An official implementation by your team would ensure optimal performance and compatibility, eliminating the need for community-driven workarounds. I urge you to consider this proposal as a step towards making BigCode Starcoder2 a more versatile and inclusive tool for the developer community. Official GGUF quantization could significantly impact its adoption and effectiveness across diverse development environments.

Thank you for your time and consideration of this important enhancement. I look forward to your positive response and the future success of BigCode Starcoder2.

Loubna Ben Allal · Answer 1 · Tue Mar 05 2024 03:56:55 GMT+0800 (China Standard Time)

Hi, StarCoder2 is now integrated in llama.cpp: ggerganov/llama.cpp#5795
(from: https://x.com/sourab_m/status/1764583142499954942?s=20)

Baby Commando (JP) · Answer 2 · Tue Mar 05 2024 04:48:22 GMT+0800 (China Standard Time)

Hi there, sorry but I'm not sure how this is related to my request. This is exactly what I am complaining about - awful random users sweating to make some ugly cross compatibility that you owners of the project should be taking care about and including it in the release.

How hard is it to start quantizing your own models as well along the release? C'mon 😛

An official implementation by your team would ensure optimal performance and compatibility, eliminating the need for community-driven workarounds.

Loubna Ben Allal · Answer 3 · Tue Mar 05 2024 23:09:32 GMT+0800 (China Standard Time)

awful random users sweating to make some ugly cross compatibility that you owners of the project should be taking care about and including it in the release.

I have to disagree, things implemented by the community are in many cases much better than what the authors can come up with, hence the great power of open-source 🙂

And FYI the llama.cpp integration is perfectly functional and was done by an HF employee, you can use it in Ollama as mentioned in the tweet.
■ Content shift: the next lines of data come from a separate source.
lemma prod_gcomm_ggen:
  assumes "distinct (pair_entries f js)"
  shows "foldr gmul (map (\<lambda>j. gcomm (ggen (f (2*j))) (ggen (f (2*j+1)))) js) gone =
    (gmono (2 ^ length js * word_sign (pair_entries f js)) (set (pair_entries f js)) :: 'k::field grass)"
  using assms
proof (induction js)
  case Nil
  then show ?case by (simp add: gone_eq_gmono)
next
  case (Cons j js)
  define a where "a = f (2*j)"
  define b where "b = f (2*j+1)"
  define R where "R = set (pair_entries f js)"
  define c :: 'k where "c = 2 ^ length js * word_sign (pair_entries f js)"
  have ab: "a \<noteq> b" "a \<notin> R" "b \<notin> R" "finite R"
    using Cons.prems unfolding a_def b_def R_def by auto
  have "gsign ({a} \<union> {b}) R = (gsign {a} R * gsign {b} R :: 'k)"
    by (rule gsign_Un_left) (use ab in auto)
  then have sign_ab: "gsign {a, b} R = (gsign {a} R * gsign {b} R :: 'k)"
    by (simp only: insert_is_Un[symmetric])
  have "foldr gmul (map (\<lambda>j. gcomm (ggen (f (2*j))) (ggen (f (2*j+1)))) (j # js)) gone
      = gmul (gmono (2 * gsign {a} {b}) {a, b}) (gmono c R)"
    using Cons unfolding a_def b_def R_def c_def by (simp add: gcomm_ggen_ggen)
  also have "\<dots> = gmono (gsign {a, b} R * (2 * gsign {a} {b}) * c) ({a, b} \<union> R)"
    using ab by (simp add: gmul_gmono_gmono)
  also have "gsign {a, b} R * (2 * gsign {a} {b}) * c
      = 2 ^ length (j # js) * word_sign (pair_entries f (j # js))"
  proof -
    have "word_sign (pair_entries f (j # js)) =
        gsign {a} (insert b R) * (gsign {b} R * word_sign (pair_entries f js) :: 'k)"
      by (simp add: a_def b_def R_def)
    moreover have "gsign {a} (insert b R) = (gsign {a} {b} * gsign {a} R :: 'k)"
      by (rule gsign_insert_right) (use ab in auto)
    ultimately show ?thesis unfolding sign_ab c_def by (simp only: length_Cons power_Suc mult_ac)
  qed
  finally show ?case by (simp add: a_def b_def R_def)
qed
Baby Commando (JP) · Answer 4 · Wed Mar 06 2024 00:00:30 GMT+0800 (China Standard Time)

Can't see where the GGUF quantized models are? The hugging face repo does not seem contain them yet? I suggest reading the initial post again. Is it hard to start quantizing your own models from day zero? Why would you want someone else to do that for you?

Open source is awesome but this time it looks more like some lazy effort from the team, specially for a project like starcoder2 that had some veery nice monetary support from Nvidia, ServiceNow and others.

The links you mentioned are more like a pull request thing with a lot of problem solving involved. For the mass end user this is barely useful.

The project is beautiful, useful and very well crafted. Hope to see more people using it.

Thanks.